PRESIDIO OF MONTEREY, Calif. -- Congratulations, Presidio of Monterey - you ranked #1 among all Army installations in a service-wide survey of health and fitness-related behaviors.

The Performance Triad, or "P3" -- sleep, activity and nutrition -- is part of the Army's effort to use the latest sports science to improve Soldier performance in tactical environments.

The Army's 2015 Health of the Force report found Presidio of Monterey service members ranked first among Army installations in behaviors associated with the "Performance Triad." Local service members ranked first in activity (84.6 of 100 points), first in nutrition (74.6 of 100), and second (71.3 of 100) in sleep behavior.

Presidio of Monterey personnel are part of a pilot project to integrate support for healthy behaviors into every part of their mission.

Master trainers taught "P3 Champions" to advise commanders to look for opportunities to encourage physical activity, healthy eating, and adequate rest and recovery in their units.

"It turned out we were already doing some of the things recommended, like the (Defense Language Institute Foreign Language Center)'s afternoon PT policy," Amanda Braasch, DLIFLC and PoM Health Promotion Officer said.

Unit physical training in most DLIFLC student companies is performed in the afternoon. The pattern encourages students to both get moving after a long day in the classroom, and to fall asleep earlier -- which helps with learning retention, she said.

"Our goal is to train military linguists, and this directly supports our mission," Braasch said.

One area where Presidio of Monterey service members scored exceptionally well was sleep behaviors. The 2015 Health of the Force report also reported an unusually high rate of diagnosed sleep disorders at the garrison.

"We don't know if it's related, but it could be," Lt. Calvin Schoonover, P3 action officer for the California Medical Detachment (CALMED), said, since accurate detection and diagnosis of sleep disorders typically leads to better sleep quality for those affected.

As part of the P3 pilot, "our providers now ask 'are you getting enough sleep?' 'Are you eating properly, are you getting the recommended 6-8 servings of vegetables each day.'" he said. "Now, we're taking a closer look at the data, to see if we can determine an impact on behavior, and if we can measure that, is it having an impact on test scores."

Sleep, activity and nutrition are also areas where service member knowledge and behavior can impact physical readiness in the field, Braasch said.

Poor behaviors in these areas are associated with some of the military's top readiness issues: first-term attrition, obesity, musculoskeletal injuries, fatigue, and medical non-deployable status, according to the report.

More than 78,000 active duty Soldiers have a BMI of 30 or above. In all, 36% of active duty Soldiers don't complete their first term of enlistment, with many of those separated for weight control or chronic medical issues.

While Presidio of Monterey personnel scored well compared to other Army installations, there's room for improvement. No garrison has yet meet the Army's target of a score of 85 or more in every area.

Army-wide, just 15% of military personnel met the P3 target for sleep, 38% for activity, and 13% for nutrition.

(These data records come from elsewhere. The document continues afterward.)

lemma (in left_module) lsmult_left_ideal_span:
  assumes E: "\<And>i. E i \<in> carrier R" and annihilates: "\<And>i. E i \<odot>\<^bsub>M\<^esub> v = \<zero>\<^bsub>M\<^esub>"
    and v: "v \<in> carrier M" and P: "P \<in> left_ideal_span R E"
  shows "P \<odot>\<^bsub>M\<^esub> v = \<zero>\<^bsub>M\<^esub>"
proof -
  obtain p where p: "\<And>i. p i \<in> carrier R" "P = finsum R (\<lambda>i. p i \<otimes> E i) UNIV"
    using P by (auto simp: left_ideal_span_def)
  have "P \<odot>\<^bsub>M\<^esub> v = finsum M (\<lambda>i. (p i \<otimes> E i) \<odot>\<^bsub>M\<^esub> v) UNIV"
    unfolding p(2) using p(1) E v by (intro finsum_lsmult) auto
  also have "\<dots> = \<zero>\<^bsub>M\<^esub>"
    using p(1) E v annihilates by (simp add: lsmult_assoc1)
  finally show ?thesis .
qed

lemma (in group_hom) image_kernel_rcoset:
  assumes "x \<in> carrier G"
  shows "h ` (kernel G H h #> x) = {h x}"
proof
  show "h ` (kernel G H h #> x) \<subseteq> {h x}"
    using assms by (auto simp: kernel_def r_coset_def)
  have "x \<in> kernel G H h #> x"
    using assms subgroup_kernel by (rule G.rcos_self)
  then show "{h x} \<subseteq> h ` (kernel G H h #> x)"
    by blast
qed

lemma quot_module_kernel_iso:
  fixes V :: "('a, 'v) module" and M :: "('a, 'b) module"
  assumes hom: "group_hom (add_monoid V) (add_monoid M) \<phi>"
    and onto: "\<phi> ` carrier V = carrier M"
    and smult: "\<And>r X. r \<in> carrier R \<Longrightarrow> X \<in> carrier V \<Longrightarrow>
      r \<odot>\<^bsub>V\<^esub> X \<in> carrier V \<and> \<phi> (r \<odot>\<^bsub>V\<^esub> X) = r \<odot>\<^bsub>M\<^esub> \<phi> X"
  shows "module_iso R (quot_module V (kernel (add_monoid V) (add_monoid M) \<phi>)) M (\<lambda>Y. the_elem (\<phi> ` Y))"
proof -
  interpret group_hom "add_monoid V" "add_monoid M" \<phi>
    by (rule hom)
  let ?K = "kernel (add_monoid V) (add_monoid M) \<phi>"
  let ?Q = "add_monoid V Mod ?K"
  have carrier: "carrier (quot_module V ?K) = carrier ?Q"
    by (simp add: quot_module_def FactGroup_def A_RCOSETS_def)
  have cosets: "\<exists>X\<in>carrier V. Y = ?K #>\<^bsub>add_monoid V\<^esub> X" if "Y \<in> carrier ?Q" for Y
    using that by (auto simp: FactGroup_def RCOSETS_def)
  have "bij_betw (\<lambda>Y. the_elem (\<phi> ` Y)) (carrier ?Q) (carrier M)"
    using FactGroup_inj_on FactGroup_onto onto by (simp add: bij_betw_def)
  moreover have "the_elem (\<phi> ` (Y1 \<oplus>\<^bsub>quot_module V ?K\<^esub> Y2)) = the_elem (\<phi> ` Y1) \<oplus>\<^bsub>M\<^esub> the_elem (\<phi> ` Y2)"
    if "Y1 \<in> carrier ?Q" "Y2 \<in> carrier ?Q" for Y1 Y2
    using Group.hom_mult[OF FactGroup_hom that] by (simp add: quot_module_def set_add_def FactGroup_def)
  moreover have "the_elem (\<phi> ` (r \<odot>\<^bsub>quot_module V ?K\<^esub> Y)) = r \<odot>\<^bsub>M\<^esub> the_elem (\<phi> ` Y)"
    if r: "r \<in> carrier R" and Y: "Y \<in> carrier ?Q" for r Y
  proof -
    obtain X where X: "X \<in> carrier V" "Y = ?K #>\<^bsub>add_monoid V\<^esub> X"
      using cosets[OF Y] by blast
    have image: "\<phi> ` Y = {\<phi> X}"
      using image_kernel_rcoset X by simp
    have "X \<in> Y"
      using X subgroup_kernel by (simp add: G.rcos_self)
    then have "(SOME Z. Z \<in> Y) \<in> Y"
      by (rule someI)
    moreover have "Y \<subseteq> carrier V"
      using X G.r_coset_subset_G[of ?K X] subgroup.subset[OF subgroup_kernel] by simp
    ultimately have "(SOME Z. Z \<in> Y) \<in> carrier V" "\<phi> (SOME Z. Z \<in> Y) = \<phi> X"
      using image by blast+
    then show ?thesis
      using smult[OF r] image image_kernel_rcoset
      by (simp add: quot_module_def a_r_coset_def)
  qed
  ultimately show ?thesis
    unfolding module_iso_def carrier by blast
qed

* Coming up - Community Strength and Teams Assessment

The Presidio of Monterey's 2016 Community Strength and Teams Assessment is scheduled to begin in April. This annual assessment is part of an Army-wide effort to improve resiliency by taking a holistic look at health and welfare issues in the force.

"We want to know what are our top health needs, top concerns, and what services people use most often," Braasch said.

For the first time, the survey will be open to representatives from all branches of service at Presidio of Monterey - including service members, adult family members, and community members interested in the health and readiness issues in the military community.

Detailed information and a link to the survey will be shared via official and student email, and by DLIFLC and garrision social media presences, later this month.

* Also - "Healthy Vending" machines are coming to PoM

A partnership between the Army and Air Force Exchange Service (AAFES), and the Defense Language Institute Foreign Language Center and Presidio of Monterey Health Promotion office will soon bring healthier options to specially-marked vending machines at locations across Presidio of Monterey.

The "Healthy Vending" machines will offer food and beverage options.

One-quarter of the selections in each machine will be "fit picks," containing less than 35% fat, 10% saturated fat, and 5% sugar.

The rest will have less than 230 mg of sodium and less than 200 calories per serving, Braasch said.